Respectfully disagree here. Most AI workloads are very parallel vector workloads that benefit from a very large number of execution units: Which usually means you can aim for the power curve sweetspot, and add compute units to the chip using that extra power budget.
Okay, so let's look at an example in the Nvidia H100 (
Source: https://www.anandtech.com/show/1878...-memory-server-card-for-large-language-models ):
- The PCIe version is limited to 350 W and achieves 756 fp16 tensor TFLOPS (2.16 per W).
- The SXM version is limited to 700 W and achieves 990 fp16 tensor TFLOPS (1.41 per W).
Clearly, the SXM version is pushed well beyond the efficiency sweet spot.
The cost of the silicon is not much of an issue - Most data enter costs are dominated by power/cooling over the lifetime of the product.
According to this, the average datacenter PUE ratio is 1.58.
According to this, datacenter electricity costs range from $0.047 to $0.15 per kWh.
Let's take the upper end of that range, which works out to $1.31 per Watt-year. So, even if the GPU is running at max power, 24/7, it's only costing $1454 per year, to power. Now, you've also got the overhead of the server and networking gear, but those stay relatively fixed, irrespective of how fast the GPU is running, so factoring in those wouldn't strengthen the case for slowing the GPU.

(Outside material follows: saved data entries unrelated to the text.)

(* Let $d\ge 2$, $c\ge 0$ and $\nu_l=\sqrt{(l+\tfrac d2-1)^2+c^2}$ for integers $l\ge 0$. For every $w>0$ the equation $$\sqrt{h^2-1}-\operatorname{arcsec}(h)=\frac{\pi}{w}$$ has a unique solution $h=h(w)>1$. Moreover, for any sequence of pairs of integers $(l,k)$ with $l\ge0$, $k\ge1$, $l,k\to\infty$ and $l/k\to w>0$, we have $$\frac{j_{\nu_l,k}}{\nu_l}\to h(w).$$
   Context: $J_\nu$ denotes the Bessel function of the first kind of order $\nu$, and $j_{\nu,k}$ denotes its $k$-th positive zero. $\operatorname{arcsec}(z)=\arccos(1/z)$ for $z\ge1$. *)

theory Defs
  imports "HOL-Analysis.Analysis"
begin

definition bessel_J :: "real \<Rightarrow> real \<Rightarrow> real" where
  "bessel_J nu x = (\<Sum>m. (-1) ^ m / (fact m * Gamma (real m + nu + 1)) * (x / 2) powr (2 * real m + nu))"

definition bessel_zero :: "real \<Rightarrow> nat \<Rightarrow> real" where
  "bessel_zero nu k = (THE x. 0 < x \<and> bessel_J nu x = 0 \<and>
      finite {y. 0 < y \<and> y < x \<and> bessel_J nu y = 0} \<and>
      card {y. 0 < y \<and> y < x \<and> bessel_J nu y = 0} = k - 1)"

definition arcsec :: "real \<Rightarrow> real" where
  "arcsec z = arccos (1 / z)"

end
(* Fix $\nu\in(0,1]$, $k\in\mathbb{N}$ and $\lambda_1,\dots,\lambda_k>0$, and let $\{M^{\nu}(t);t\ge 0\}$ be a counting process whose distribution $p_j^{\nu}(t)=\mathbb{P}\{M^{\nu}(t)=j\}$, $j\in\mathbb{N}_0$, satisfies the fractional system described in the context together with $p_0^\nu(0)=1$, $p_j^\nu(0)=0$ for $j\ge1$. Then \[ \mathbb{E}\left[e^{sM^{\nu}(t)}\right]=E_{\nu,1}\Big(\sum_{j=1}^k\lambda_j\left(e^{js}-1\right)t^{\nu}\Big),\qquad t\ge0,\ s\in\mathbb{R}. \]
   Context: The fractional derivative is the Caputo derivative: for $0<\nu<1$, $\frac{d^\nu f(t)}{dt^\nu}=\frac{1}{\Gamma(1-\nu)}\int_0^t \frac{f'(s)}{(t-s)^{\nu}}\,ds$, and for $\nu=1$ it is the ordinary derivative $f'(t)$. With $\Lambda=\lambda_1+\dots+\lambda_k$, the system is: $\frac{d^\nu p_0^\nu(t)}{dt^\nu}=-\Lambda p_0^\nu(t)$; $\frac{d^\nu p_j^\nu(t)}{dt^\nu}=\sum_{r=1}^{j}\lambda_r p_{j-r}^\nu(t)-\Lambda p_j^\nu(t)$ for $j=1,\dots,k-1$; $\frac{d^\nu p_j^\nu(t)}{dt^\nu}=\sum_{r=1}^{k}\lambda_r p_{j-r}^\nu(t)-\Lambda p_j^\nu(t)$ for $j\ge k$. $E_{\alpha,\beta}(x)=\sum_{r\ge0}\frac{x^r}{\Gamma(\alpha r+\beta)}$ is the two-parameter Mittag-Leffler function. *)

theory Defs
  imports "HOL-Probability.Probability"
begin

definition mittag_leffler :: "real \<Rightarrow> real \<Rightarrow> real \<Rightarrow> real" where
  "mittag_leffler \<alpha> \<beta> x = (\<Sum>r. x ^ r / Gamma (\<alpha> * real r + \<beta>))"

definition has_caputo_derivative :: "real \<Rightarrow> (real \<Rightarrow> real) \<Rightarrow> real \<Rightarrow> real \<Rightarrow> bool" where
  "has_caputo_derivative \<nu> f t D \<longleftrightarrow>
     (if \<nu> = 1 then (f has_real_derivative D) (at t)
      else (\<forall>s\<in>{0<..<t}. f differentiable (at s)) \<and>
           (\<exists>I. ((\<lambda>s. deriv f s * (t - s) powr (- \<nu>)) has_integral I) {0..t} \<and>
                D = I / Gamma (1 - \<nu>)))"

end

theory Submission
  imports Defs "HOL-Computational_Algebra.Polynomial"
begin

text \<open>
  With \<open>P(y) = \<Sum>r. \<lambda>\<^sub>r (y^r - 1)\<close> the system says \<open>D^\<nu> p\<^sub>j = \<Sum>i\<le>j. [y^i]P \<cdot> p\<^sub>j\<^sub>-\<^sub>i\<close>,
  i.e. the generating function \<open>G(y,t) = \<Sum>j. p\<^sub>j(t) y^j\<close> solves \<open>D^\<nu> G = P(y) G\<close>.
  Since \<open>D^\<nu>\<close> maps \<open>t^(\<nu> n) / \<Gamma>(\<nu> n + 1)\<close> to \<open>t^(\<nu>(n-1)) / \<Gamma>(\<nu>(n-1) + 1)\<close>, the functions
  \<open>q\<^sub>j(t) = \<Sum>n. [y^j]P^n t^(\<nu> n) / \<Gamma>(\<nu> n + 1)\<close> solve the system with the same initial values,
  and summing over \<open>j\<close> (absolutely: \<open>[y^j]P^n\<close> is dominated by the coefficients of the
  polynomial with coefficients \<open>\<bar>[y^i]P\<bar>\<close>) gives \<open>\<Sum>j. q\<^sub>j(t) y^j = E_{\<nu>,1}(P(y) t^\<nu>)\<close>.
  A maximum principle for \<open>D^\<nu> d = -\<Lambda> d\<close> with \<open>\<Lambda> \<ge> 0\<close> shows, by induction on \<open>j\<close>, that
  \<open>p\<^sub>j = q\<^sub>j\<close>; taking \<open>y = e^s\<close> yields the moment generating function.
\<close>

section \<open>Mittag-Leffler type series\<close>

lemma Gamma_plus1_lower_bound:
  fixes x :: real
  assumes x: "x \<ge> 1"
  shows "x powr x * exp (-2*x) \<le> Gamma (x + 1)"
proof -
  let ?f = "\<lambda>u. u powr x / exp u"
  have Gamma: "(?f has_integral Gamma (x + 1)) {0..}"
    using Gamma_integral_real[of "x + 1"] x by simp
  have "continuous_on {x..2*x} ?f"
    using x by (intro continuous_intros) auto
  then have I: "(?f has_integral integral {x..2*x} ?f) {x..2*x}"
    using integrable_continuous_interval by blast
  have "((\<lambda>u. x powr x * exp (-2*x)) has_integral x * (x powr x * exp (-2*x))) {x..2*x}"
    using has_integral_const_real[of "x powr x * exp (-2*x)" x "2*x"] x by simp
  then have "x * (x powr x * exp (-2*x)) \<le> integral {x..2*x} ?f"
  proof (rule has_integral_le[OF _ I])
    fix u assume u: "u \<in> {x..2*x}"
    have "x powr x \<le> u powr x"
      using u x by (intro powr_mono2) auto
    moreover have "exp (-2*x) \<le> inverse (exp u)"
      using u by (simp add: exp_minus[symmetric])
    ultimately show "x powr x * exp (-2*x) \<le> ?f u"
      by (simp add: divide_inverse mult_mono)
  qed
  also have "\<dots> \<le> Gamma (x + 1)"
    by (rule has_integral_subset_le[OF _ I Gamma]) (use x in auto)
  finally have "x * (x powr x * exp (-2*x)) \<le> Gamma (x + 1)" .
  moreover have "x powr x * exp (-2*x) \<le> x * (x powr x * exp (-2*x))"
    using mult_right_mono[OF x, of "x powr x * exp (-2*x)"] by simp
  ultimately show ?thesis
    by linarith
qed

lemma Gamma_mult_nat_plus1_lower_bound:
  fixes \<alpha> :: real
  assumes \<alpha>: "\<alpha> > 0" and n: "\<alpha> * real n \<ge> 1"
  shows "((\<alpha> * real n) powr \<alpha> * exp (-2*\<alpha>)) ^ n \<le> Gamma (\<alpha> * real n + 1)"
proof -
  let ?x = "\<alpha> * real n"
  have "n > 0"
    using n by (cases n) auto
  then have "(?x powr \<alpha>) ^ n = (?x powr \<alpha>) powr real n"
    using \<alpha> by (subst powr_realpow) auto
  also have "\<dots> = ?x powr ?x"
    by (simp add: powr_powr mult_ac)
  finally have "(?x powr \<alpha> * exp (-2*\<alpha>)) ^ n = ?x powr ?x * exp (-2 * ?x)"
    unfolding power_mult_distrib by (simp add: exp_of_nat_mult[symmetric] mult_ac)
  with Gamma_plus1_lower_bound[OF n] show ?thesis
    by simp
qed

lemma summable_Mittag_Leffler:
  fixes \<alpha> z :: real
  assumes \<alpha>: "\<alpha> > 0"
  shows "summable (\<lambda>n. \<bar>z\<bar> ^ n / Gamma (\<alpha> * real n + 1))"
proof (rule summable_comparison_test'[where g = "\<lambda>n. (1/2)^n"])
  show "summable (\<lambda>n. (1/2::real)^n)"
    by (rule summable_geometric) auto
  define C where "C = 2 * (\<bar>z\<bar> + 1) * exp (2*\<alpha>)"
  have C: "C > 0"
    unfolding C_def by (auto intro!: mult_pos_pos add_nonneg_pos)
  show "norm (\<bar>z\<bar> ^ n / Gamma (\<alpha> * real n + 1)) \<le> (1/2) ^ n"
    if n: "n \<ge> nat \<lceil>max 1 (C powr (1/\<alpha>)) / \<alpha>\<rceil>" for n
  proof -
    have x: "\<alpha> * real n \<ge> 1" "C powr (1/\<alpha>) \<le> \<alpha> * real n"
      using n \<alpha> by (simp_all add: field_simps)
    have Gamma_pos: "Gamma (\<alpha> * real n + 1) > 0"
      using x by (intro Gamma_real_pos) auto
    have "C = (C powr (1/\<alpha>)) powr \<alpha>"
      using C \<alpha> by (simp add: powr_powr)
    also have "\<dots> \<le> (\<alpha> * real n) powr \<alpha>"
      using x \<alpha> C by (intro powr_mono2) auto
    finally have "(C * exp (-2*\<alpha>)) ^ n \<le> ((\<alpha> * real n) powr \<alpha> * exp (-2*\<alpha>)) ^ n"
      using C by (intro power_mono mult_right_mono) auto
    also have "\<dots> \<le> Gamma (\<alpha> * real n + 1)"
      by (rule Gamma_mult_nat_plus1_lower_bound[OF \<alpha> x(1)])
    also have "C * exp (-2*\<alpha>) = 2 * (\<bar>z\<bar> + 1)"
      unfolding C_def by (simp add: exp_minus)
    finally have "\<bar>z\<bar> ^ n / Gamma (\<alpha> * real n + 1) \<le> \<bar>z\<bar> ^ n / (2 * (\<bar>z\<bar> + 1)) ^ n"
      using Gamma_pos by (intro divide_left_mono) (auto intro!: mult_pos_pos)
    also have "\<dots> \<le> (1/2) ^ n"
      unfolding power_divide[symmetric] by (intro power_mono) (auto simp: field_simps)
    finally show ?thesis
      using Gamma_pos by simp
  qed
qed

text \<open>For \<open>b n = z^n\<close>, \<open>ml_series \<nu> b t\<close> is \<open>E_{\<nu>,1}(z t^\<nu>)\<close>.\<close>
definition ml_coeff :: "real \<Rightarrow> (nat \<Rightarrow> real) \<Rightarrow> nat \<Rightarrow> real" where
  "ml_coeff \<nu> b n = b n / Gamma (\<nu> * real n + 1)"

definition ml_series :: "real \<Rightarrow> (nat \<Rightarrow> real) \<Rightarrow> real \<Rightarrow> real" where
  "ml_series \<nu> b t = (\<Sum>n. ml_coeff \<nu> b n * (t powr \<nu>) ^ n)"

lemma Gamma_mult_nat_plus1_pos: "\<nu> \<ge> 0 \<Longrightarrow> Gamma (\<nu> * real n + 1) > 0"
  by (intro Gamma_real_pos add_nonneg_pos) auto

lemma summable_ml_coeff_abs:
  assumes \<nu>: "\<nu> > 0" and b: "\<And>n. \<bar>b n\<bar> \<le> C * R ^ n"
  shows "summable (\<lambda>n. \<bar>ml_coeff \<nu> b n * x ^ n\<bar>)"
proof (rule summable_comparison_test')
  show "summable (\<lambda>n. \<bar>C\<bar> * (\<bar>R * x\<bar> ^ n / Gamma (\<nu> * real n + 1)))"
    by (intro summable_mult summable_Mittag_Leffler \<nu>)
  fix n
  have G: "Gamma (\<nu> * real n + 1) > 0"
    using \<nu> by (simp add: Gamma_mult_nat_plus1_pos)
  have "\<bar>b n\<bar> * \<bar>x\<bar> ^ n \<le> (\<bar>C\<bar> * \<bar>R\<bar> ^ n) * \<bar>x\<bar> ^ n"
    using b[of n] abs_ge_self[of "C * R ^ n"] by (intro mult_right_mono) (auto simp: abs_mult power_abs)
  then show "norm \<bar>ml_coeff \<nu> b n * x ^ n\<bar> \<le> \<bar>C\<bar> * (\<bar>R * x\<bar> ^ n / Gamma (\<nu> * real n + 1))"
    using G by (simp add: ml_coeff_def abs_mult power_abs power_mult_distrib divide_right_mono mult_ac)
qed

lemma ml_series_0: "ml_series \<nu> b 0 = b 0"
  unfolding ml_series_def powr_0 powser_zero by (simp add: ml_coeff_def)

lemma ml_series_sum:
  assumes "finite I" and "\<And>i. i \<in> I \<Longrightarrow> summable (\<lambda>n. ml_coeff \<nu> (b i) n * (t powr \<nu>) ^ n)"
  shows "(\<Sum>i\<in>I. w i * ml_series \<nu> (b i) t) = ml_series \<nu> (\<lambda>n. \<Sum>i\<in>I. w i * b i n) t"
proof -
  have "(\<Sum>i\<in>I. w i * ml_series \<nu> (b i) t) = (\<Sum>n. \<Sum>i\<in>I. w i * (ml_coeff \<nu> (b i) n * (t powr \<nu>) ^ n))"
    unfolding ml_series_def using assms
    by (subst suminf_sum) (auto simp: suminf_mult intro: summable_mult)
  also have "\<dots> = ml_series \<nu> (\<lambda>n. \<Sum>i\<in>I. w i * b i n) t"
    by (simp add: ml_series_def ml_coeff_def sum_distrib_left sum_divide_distrib mult_ac)
  finally show ?thesis .
qed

So, let's compare that to the cost of the hardware. A DGX H100, containing 8x H100 SXM cards had a launch price of $482k, which works out to $60k per GPU. Current street price of a H100 (PCIe) seems to be about $30k. The useful service life of this hardware is only about 3-4 years, before it becomes too obsolete.
So, even if we assume a 4-year service life and the lowest price of $30k per H100,
we're still talking about hardware that costs at least 5.16x as much to purchase as its lifetime energy costs (even at 100% duty cycle + including cooling), for that entire time!
Amiright,
@helper800 ?
Also agreed. GB6 is a completely irrelevant benchmark. This is an AI accelerator. Using a CPU benchmark is ignoring three quarters of the transistors on the silicon.
I'm pretty certain the CCDs in it are the same ones in Genoa or Genoa-X EPYC CPUs. So, it would be weird if there were a real discrepancy between models of equal core count, after accounting for their relative clock speeds.
One wild card is the HBM3. I don't know how the best-case latency on it compares with DDR5. However, certainly the latency-under-load should be better, due to its higher bandwidth. And it's latency-under-load should be what the MT benchmark is seeing, especially if I'm right about it being memory-heavy.